→ Your instructions: Only these lines should appear, exactly: the one containing "unfolding Fd_eq_walk_moment[OF \<alpha>" and every line after it through the end of the material below.

* * * * *

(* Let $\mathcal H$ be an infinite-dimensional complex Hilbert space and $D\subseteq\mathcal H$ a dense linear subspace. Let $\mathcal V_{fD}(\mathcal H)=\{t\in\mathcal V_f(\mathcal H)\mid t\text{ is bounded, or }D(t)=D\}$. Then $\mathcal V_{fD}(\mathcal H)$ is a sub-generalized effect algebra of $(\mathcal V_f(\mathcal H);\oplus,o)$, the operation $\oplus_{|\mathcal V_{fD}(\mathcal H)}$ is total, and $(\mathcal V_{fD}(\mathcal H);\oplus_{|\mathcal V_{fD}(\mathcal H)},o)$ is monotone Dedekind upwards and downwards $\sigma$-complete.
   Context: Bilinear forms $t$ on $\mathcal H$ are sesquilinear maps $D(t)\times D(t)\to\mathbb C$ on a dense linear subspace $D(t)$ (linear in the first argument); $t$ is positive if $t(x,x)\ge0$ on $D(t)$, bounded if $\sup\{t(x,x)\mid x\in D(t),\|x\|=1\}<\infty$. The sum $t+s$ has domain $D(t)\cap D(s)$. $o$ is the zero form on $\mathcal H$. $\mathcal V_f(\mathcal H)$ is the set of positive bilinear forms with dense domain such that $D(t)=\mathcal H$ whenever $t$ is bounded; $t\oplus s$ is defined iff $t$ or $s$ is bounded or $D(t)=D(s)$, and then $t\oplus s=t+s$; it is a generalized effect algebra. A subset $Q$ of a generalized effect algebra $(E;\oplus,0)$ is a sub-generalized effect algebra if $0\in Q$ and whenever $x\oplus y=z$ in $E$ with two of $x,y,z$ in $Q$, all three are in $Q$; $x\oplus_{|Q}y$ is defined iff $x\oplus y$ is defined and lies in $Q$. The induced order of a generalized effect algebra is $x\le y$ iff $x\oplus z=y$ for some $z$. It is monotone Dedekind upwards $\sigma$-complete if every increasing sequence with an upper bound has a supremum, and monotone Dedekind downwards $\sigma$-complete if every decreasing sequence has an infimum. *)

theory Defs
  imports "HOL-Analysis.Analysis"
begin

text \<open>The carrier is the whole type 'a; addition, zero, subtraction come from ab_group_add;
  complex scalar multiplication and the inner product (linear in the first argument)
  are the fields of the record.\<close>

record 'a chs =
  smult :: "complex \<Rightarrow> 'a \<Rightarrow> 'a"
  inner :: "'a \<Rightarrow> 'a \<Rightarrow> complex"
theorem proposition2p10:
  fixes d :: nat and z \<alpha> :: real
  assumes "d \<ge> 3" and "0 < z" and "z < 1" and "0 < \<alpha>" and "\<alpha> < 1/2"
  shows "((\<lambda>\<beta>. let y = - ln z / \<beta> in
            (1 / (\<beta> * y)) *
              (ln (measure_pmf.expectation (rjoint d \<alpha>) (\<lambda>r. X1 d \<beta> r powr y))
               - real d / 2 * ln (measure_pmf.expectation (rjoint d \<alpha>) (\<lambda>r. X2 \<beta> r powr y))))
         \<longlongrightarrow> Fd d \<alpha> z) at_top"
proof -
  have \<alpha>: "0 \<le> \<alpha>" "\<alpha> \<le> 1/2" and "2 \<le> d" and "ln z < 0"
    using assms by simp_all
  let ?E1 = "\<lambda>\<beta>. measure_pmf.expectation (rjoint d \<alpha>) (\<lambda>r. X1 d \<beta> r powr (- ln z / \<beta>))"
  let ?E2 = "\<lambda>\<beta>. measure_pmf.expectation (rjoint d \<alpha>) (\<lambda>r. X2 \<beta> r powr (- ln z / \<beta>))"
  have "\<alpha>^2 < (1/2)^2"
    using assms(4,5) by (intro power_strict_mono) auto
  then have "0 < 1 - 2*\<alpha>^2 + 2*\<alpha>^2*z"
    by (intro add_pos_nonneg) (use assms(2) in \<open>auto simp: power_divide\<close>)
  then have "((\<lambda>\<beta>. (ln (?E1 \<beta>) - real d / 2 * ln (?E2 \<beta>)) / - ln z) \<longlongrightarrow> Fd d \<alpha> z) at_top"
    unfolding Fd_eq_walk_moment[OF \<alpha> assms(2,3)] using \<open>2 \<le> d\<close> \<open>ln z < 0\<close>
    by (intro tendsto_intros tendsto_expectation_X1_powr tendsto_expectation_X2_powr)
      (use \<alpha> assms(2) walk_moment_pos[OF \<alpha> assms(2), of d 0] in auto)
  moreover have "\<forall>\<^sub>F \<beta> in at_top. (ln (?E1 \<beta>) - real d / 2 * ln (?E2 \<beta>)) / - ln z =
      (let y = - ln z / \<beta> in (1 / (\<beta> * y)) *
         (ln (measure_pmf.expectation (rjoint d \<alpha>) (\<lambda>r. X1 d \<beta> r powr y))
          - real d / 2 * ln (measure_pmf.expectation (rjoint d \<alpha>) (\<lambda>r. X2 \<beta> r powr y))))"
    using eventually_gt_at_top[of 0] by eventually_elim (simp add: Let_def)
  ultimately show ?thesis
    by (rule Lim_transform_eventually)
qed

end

* * * * *

→ Your response:
    unfolding Fd_eq_walk_moment[OF \<alpha> assms(2,3)] using \<open>2 \<le> d\<close> \<open>ln z < 0\<close>
    by (intro tendsto_intros tendsto_expectation_X1_powr tendsto_expectation_X2_powr)
      (use \<alpha> assms(2) walk_moment_pos[OF \<alpha> assms(2), of d 0] in auto)
  moreover have "\<forall>\<^sub>F \<beta> in at_top. (ln (?E1 \<beta>) - real d / 2 * ln (?E2 \<beta>)) / - ln z =
      (let y = - ln z / \<beta> in (1 / (\<beta> * y)) *
         (ln (measure_pmf.expectation (rjoint d \<alpha>) (\<lambda>r. X1 d \<beta> r powr y))
          - real d / 2 * ln (measure_pmf.expectation (rjoint d \<alpha>) (\<lambda>r. X2 \<beta> r powr y))))"
    using eventually_gt_at_top[of 0] by eventually_elim (simp add: Let_def)
  ultimately show ?thesis
    by (rule Lim_transform_eventually)
qed

end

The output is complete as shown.